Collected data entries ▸
=-=-=
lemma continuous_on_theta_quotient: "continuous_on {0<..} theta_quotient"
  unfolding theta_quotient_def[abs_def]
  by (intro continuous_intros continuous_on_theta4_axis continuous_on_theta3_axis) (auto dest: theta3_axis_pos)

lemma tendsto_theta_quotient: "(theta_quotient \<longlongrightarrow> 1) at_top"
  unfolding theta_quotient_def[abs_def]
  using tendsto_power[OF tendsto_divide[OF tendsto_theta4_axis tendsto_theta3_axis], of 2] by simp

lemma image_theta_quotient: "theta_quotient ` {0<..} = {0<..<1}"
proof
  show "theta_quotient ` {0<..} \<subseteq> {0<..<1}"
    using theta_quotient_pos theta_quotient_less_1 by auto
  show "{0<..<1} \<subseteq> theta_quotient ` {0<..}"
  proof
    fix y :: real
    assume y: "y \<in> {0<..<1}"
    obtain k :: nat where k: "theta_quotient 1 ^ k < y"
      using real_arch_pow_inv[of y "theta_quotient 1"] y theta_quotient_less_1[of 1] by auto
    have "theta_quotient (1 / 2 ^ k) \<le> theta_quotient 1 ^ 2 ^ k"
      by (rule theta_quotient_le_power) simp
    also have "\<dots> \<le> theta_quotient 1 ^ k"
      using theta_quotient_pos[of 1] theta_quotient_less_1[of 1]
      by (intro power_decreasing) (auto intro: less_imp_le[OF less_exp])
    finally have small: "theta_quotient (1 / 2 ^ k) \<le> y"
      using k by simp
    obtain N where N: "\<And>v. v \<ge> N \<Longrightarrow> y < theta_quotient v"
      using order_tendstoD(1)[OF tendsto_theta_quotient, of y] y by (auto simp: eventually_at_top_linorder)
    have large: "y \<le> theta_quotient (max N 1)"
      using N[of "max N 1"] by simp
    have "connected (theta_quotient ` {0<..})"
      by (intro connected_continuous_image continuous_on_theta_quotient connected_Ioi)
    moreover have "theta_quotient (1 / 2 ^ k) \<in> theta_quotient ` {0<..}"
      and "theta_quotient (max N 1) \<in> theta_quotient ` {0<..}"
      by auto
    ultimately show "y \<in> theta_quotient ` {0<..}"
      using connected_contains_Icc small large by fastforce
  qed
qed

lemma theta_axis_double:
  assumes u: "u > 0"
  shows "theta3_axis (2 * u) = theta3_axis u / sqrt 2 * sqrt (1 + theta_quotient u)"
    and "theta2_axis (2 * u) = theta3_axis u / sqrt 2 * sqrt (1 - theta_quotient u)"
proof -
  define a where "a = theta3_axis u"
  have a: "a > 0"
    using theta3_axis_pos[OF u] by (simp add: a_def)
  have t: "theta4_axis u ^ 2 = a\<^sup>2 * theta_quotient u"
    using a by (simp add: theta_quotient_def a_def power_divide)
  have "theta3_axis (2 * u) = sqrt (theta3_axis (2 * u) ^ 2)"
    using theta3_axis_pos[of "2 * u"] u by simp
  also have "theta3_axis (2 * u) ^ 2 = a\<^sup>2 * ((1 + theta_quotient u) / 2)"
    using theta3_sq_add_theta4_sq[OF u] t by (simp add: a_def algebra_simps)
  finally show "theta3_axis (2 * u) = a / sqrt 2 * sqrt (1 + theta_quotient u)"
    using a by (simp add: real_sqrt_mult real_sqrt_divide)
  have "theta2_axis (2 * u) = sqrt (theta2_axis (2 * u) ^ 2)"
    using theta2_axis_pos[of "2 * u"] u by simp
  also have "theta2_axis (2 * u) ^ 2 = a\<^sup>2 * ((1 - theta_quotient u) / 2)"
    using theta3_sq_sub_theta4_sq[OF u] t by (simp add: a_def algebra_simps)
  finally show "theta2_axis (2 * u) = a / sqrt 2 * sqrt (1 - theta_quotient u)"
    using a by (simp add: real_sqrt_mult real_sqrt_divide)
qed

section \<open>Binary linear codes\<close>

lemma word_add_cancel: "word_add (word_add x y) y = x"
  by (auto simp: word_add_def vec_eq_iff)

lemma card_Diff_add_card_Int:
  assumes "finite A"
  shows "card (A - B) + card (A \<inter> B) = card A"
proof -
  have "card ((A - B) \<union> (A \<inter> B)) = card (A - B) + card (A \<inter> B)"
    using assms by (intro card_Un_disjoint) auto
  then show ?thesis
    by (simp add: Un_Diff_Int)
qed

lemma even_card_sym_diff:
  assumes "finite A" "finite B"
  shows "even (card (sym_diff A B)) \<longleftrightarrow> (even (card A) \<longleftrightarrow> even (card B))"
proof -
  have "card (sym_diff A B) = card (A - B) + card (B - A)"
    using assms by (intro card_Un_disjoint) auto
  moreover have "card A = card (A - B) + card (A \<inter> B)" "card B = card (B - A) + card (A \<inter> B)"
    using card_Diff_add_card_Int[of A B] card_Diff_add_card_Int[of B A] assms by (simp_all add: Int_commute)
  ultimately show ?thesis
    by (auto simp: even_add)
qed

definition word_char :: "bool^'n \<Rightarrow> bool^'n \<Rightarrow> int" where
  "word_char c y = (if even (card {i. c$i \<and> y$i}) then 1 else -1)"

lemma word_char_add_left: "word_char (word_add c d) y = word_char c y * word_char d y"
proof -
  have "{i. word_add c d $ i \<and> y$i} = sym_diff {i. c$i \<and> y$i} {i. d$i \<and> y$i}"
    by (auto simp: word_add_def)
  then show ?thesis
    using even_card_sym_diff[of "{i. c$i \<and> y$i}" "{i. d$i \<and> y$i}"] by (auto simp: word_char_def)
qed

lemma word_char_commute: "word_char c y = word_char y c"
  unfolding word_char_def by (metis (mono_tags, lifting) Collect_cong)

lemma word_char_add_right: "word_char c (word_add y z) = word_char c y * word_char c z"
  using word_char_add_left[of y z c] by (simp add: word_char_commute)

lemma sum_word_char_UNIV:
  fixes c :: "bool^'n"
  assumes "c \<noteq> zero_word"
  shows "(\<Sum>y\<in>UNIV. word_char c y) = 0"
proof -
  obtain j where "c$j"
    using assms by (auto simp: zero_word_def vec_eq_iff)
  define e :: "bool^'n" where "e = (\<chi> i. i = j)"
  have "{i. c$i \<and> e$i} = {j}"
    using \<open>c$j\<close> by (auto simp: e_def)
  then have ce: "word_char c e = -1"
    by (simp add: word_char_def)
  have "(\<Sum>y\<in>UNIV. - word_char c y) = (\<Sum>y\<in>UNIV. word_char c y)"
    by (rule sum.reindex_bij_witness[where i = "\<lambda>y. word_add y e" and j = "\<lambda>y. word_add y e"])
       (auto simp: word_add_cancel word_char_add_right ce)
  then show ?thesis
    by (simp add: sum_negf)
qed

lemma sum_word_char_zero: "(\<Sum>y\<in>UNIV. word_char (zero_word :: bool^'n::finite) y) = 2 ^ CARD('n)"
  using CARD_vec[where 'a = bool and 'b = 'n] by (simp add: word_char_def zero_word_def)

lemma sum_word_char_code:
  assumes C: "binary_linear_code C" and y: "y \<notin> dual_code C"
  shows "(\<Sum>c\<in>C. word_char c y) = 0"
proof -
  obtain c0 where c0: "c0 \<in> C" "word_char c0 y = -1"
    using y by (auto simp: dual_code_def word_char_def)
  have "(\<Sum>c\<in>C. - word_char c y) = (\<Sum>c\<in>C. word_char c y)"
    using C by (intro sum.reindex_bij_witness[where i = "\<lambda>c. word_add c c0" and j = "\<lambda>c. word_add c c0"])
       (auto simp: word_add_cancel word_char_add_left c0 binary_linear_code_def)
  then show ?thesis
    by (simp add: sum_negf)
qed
=-=-=
All lines in the records above that contain "ultimately" are to be reported.

Response ▸
    ultimately show "y \<in> theta_quotient ` {0<..}"
  ultimately show ?thesis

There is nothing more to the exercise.